That even_wait: Interrupted system call line bugs me though. It's almost as though something tried to interrupt openvpn, failed to do so, and the entire system just sits there in an endless loop waiting for some even to occur that never will. All interfaces stop responding, occassionally I can hit ctrl-alt-del, and the system will attempt a halt, but will never actually be able to fully halt itself.
-
I really should quit this and start winding down for bed, but it's driving me nuts.
Okay, we're dealing with two enigmas here. 1, a tap interface that the system may or may not know what to do with, and 2, and a bridge utilizing that tap interface.
Now I seem to recall that every time there is a change to config.xml, the openvpn process gets killed and relaunched. Is it possible that there's a condition that may be seemingly random to me that might come along and try to reap bridges or individual interfaces, or even the openvpn process itself, fails to do so, and then chases its tail until there are no more resources available to consume?
-
/etc/rc.bootup, line 181.
Seen any harm in moving that down two commands so it comes after openvpn_resync_all();? Theoretically it would mean openvpn would be up, tap0 would be created prior to bridges being brought online, right?
Only thing that comes to mind that runs all the time is /usr/local/sbin/check_reload_status, which is a binary daemon, not php, not a cron job.

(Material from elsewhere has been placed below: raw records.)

(* Every probabilistic function computed by a probabilistic Turing machine is probabilistic recursive: $\mathscr{PC}\subseteq\mathscr{PR}$.
   Context: A pseudodistribution on a countable set $X$ is $\mathcal D:X\to[0,1]$ with $\sum_x\mathcal D(x)\le1$; $\mathcal D(X)$ is their set. A PF of arity $k$ is a function $\mathbb{N}^k\to\mathcal D(\mathbb{N})$. Basic PFs: $z(n)(0)=1$; $s(n)(n+1)=1$; $\Pi^n_m(k_1,\dots,k_n)(k_m)=1$; $r(x)(x)=r(x)(x+1)=1/2$ (other values $0$). Generalized composition $(f\odot(g_1,\dots,g_n))(\vec x)(y)=\sum_{z_1,\dots,z_n} f(z_1,\dots,z_n)(y)\prod_i g_i(\vec x)(z_i)$; primitive recursion $h=\mathrm{rec}(f,g)$: $h(\vec x,0)=f(\vec x)$, $h(\vec x,y+1)(w)=\sum_z h(\vec x,y)(z)\, g(\vec x,y,z)(w)$; minimization $\mu f(\vec x)(y)=f(\vec x,y)(0)\prod_{z<y}\sum_{k>0}f(\vec x,z)(k)$. $\mathscr{PR}$ is the smallest class of PFs containing the basic PFs and closed under these three operations. PTMs: Turing machines with tape alphabet $\Sigma_b\supseteq\{0,1\}$ plus blank, states $Q$, initial $q_s$, final states $Q_f$, and two transition functions $\delta_0,\delta_1$ on non-final configurations, each applied with probability $1/2$; configurations $\langle s,a,t,q\rangle$, initial configuration on $a\cdot v$ is $\langle\varepsilon,a,v,q_s\rangle$, final configuration with output $s$ is $\langle s,a,\varepsilon,q\rangle$, $q\in Q_f$. $\mathcal{IO}_M(s)(t)=\sum 2^{-|b|}$ over choice sequences $b\in\{0,1\}^*$ that from the initial configuration on $s$ first reach a final configuration with output $t$ after exactly $|b|$ steps. With $n\mapsto\overline n$ the length-lexicographic bijection $\mathbb{N}\to\{0,1\}^*$ and $\langle\vec x\rangle$ a fixed computable string encoding of tuples, $\mathscr{PC}$ is the set of PFs $f$ with $f(\vec x)(y)=\mathcal{IO}_M(\langle\vec x\rangle)(\overline y)$ for some PTM $M$ and all $\vec x,y$. *)

theory Defs
  imports "HOL-Analysis.Infinite_Sum"
begin

text \<open>A PF of arity k is modelled as a function on argument lists (only lists of
length k are meaningful) returning a (pseudo)distribution on nat, i.e. a
function nat to real.\<close>

type_synonym pf = "nat list \<Rightarrow> nat \<Rightarrow> real"

primrec prec :: "pf \<Rightarrow> pf \<Rightarrow> nat list \<Rightarrow> nat \<Rightarrow> nat \<Rightarrow> real" where
  "prec f g xs 0 = f xs"
| "prec f g xs (Suc y) =
     (\<lambda>w. \<Sum>\<^sub>\<infinity>z\<in>UNIV. prec f g xs y z * g (xs @ [y, z]) w)"

definition pf_comp :: "pf \<Rightarrow> pf list \<Rightarrow> pf" where
  "pf_comp f gs = (\<lambda>xs y. \<Sum>\<^sub>\<infinity>zs\<in>{zs. length zs = length gs}.
      f zs y * (\<Prod>i<length gs. (gs ! i) xs (zs ! i)))"

definition pf_rec :: "pf \<Rightarrow> pf \<Rightarrow> pf" where
  "pf_rec f g = (\<lambda>xs. prec f g (butlast xs) (last xs))"

definition pf_mu :: "pf \<Rightarrow> pf" where
  "pf_mu f = (\<lambda>xs y. f (xs @ [y]) 0 *
      (\<Prod>z<y. \<Sum>\<^sub>\<infinity>k\<in>{0<..}. f (xs @ [z]) k))"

It appears that it just keeps checking /tmp/check_reload_status, which usually says "sleeping", unless something more interesting is going on. I don't know what it does is there's something more interesting going on though.
-
Promise, last post for the night.
the shellcmd tags DO work, but it requires not one, but two reboots to take effect. I haven't the slightest idea why that is, but upon reboot, nothing happens. Reboot again, it works. ???
Really. Going to go rest now.
Really.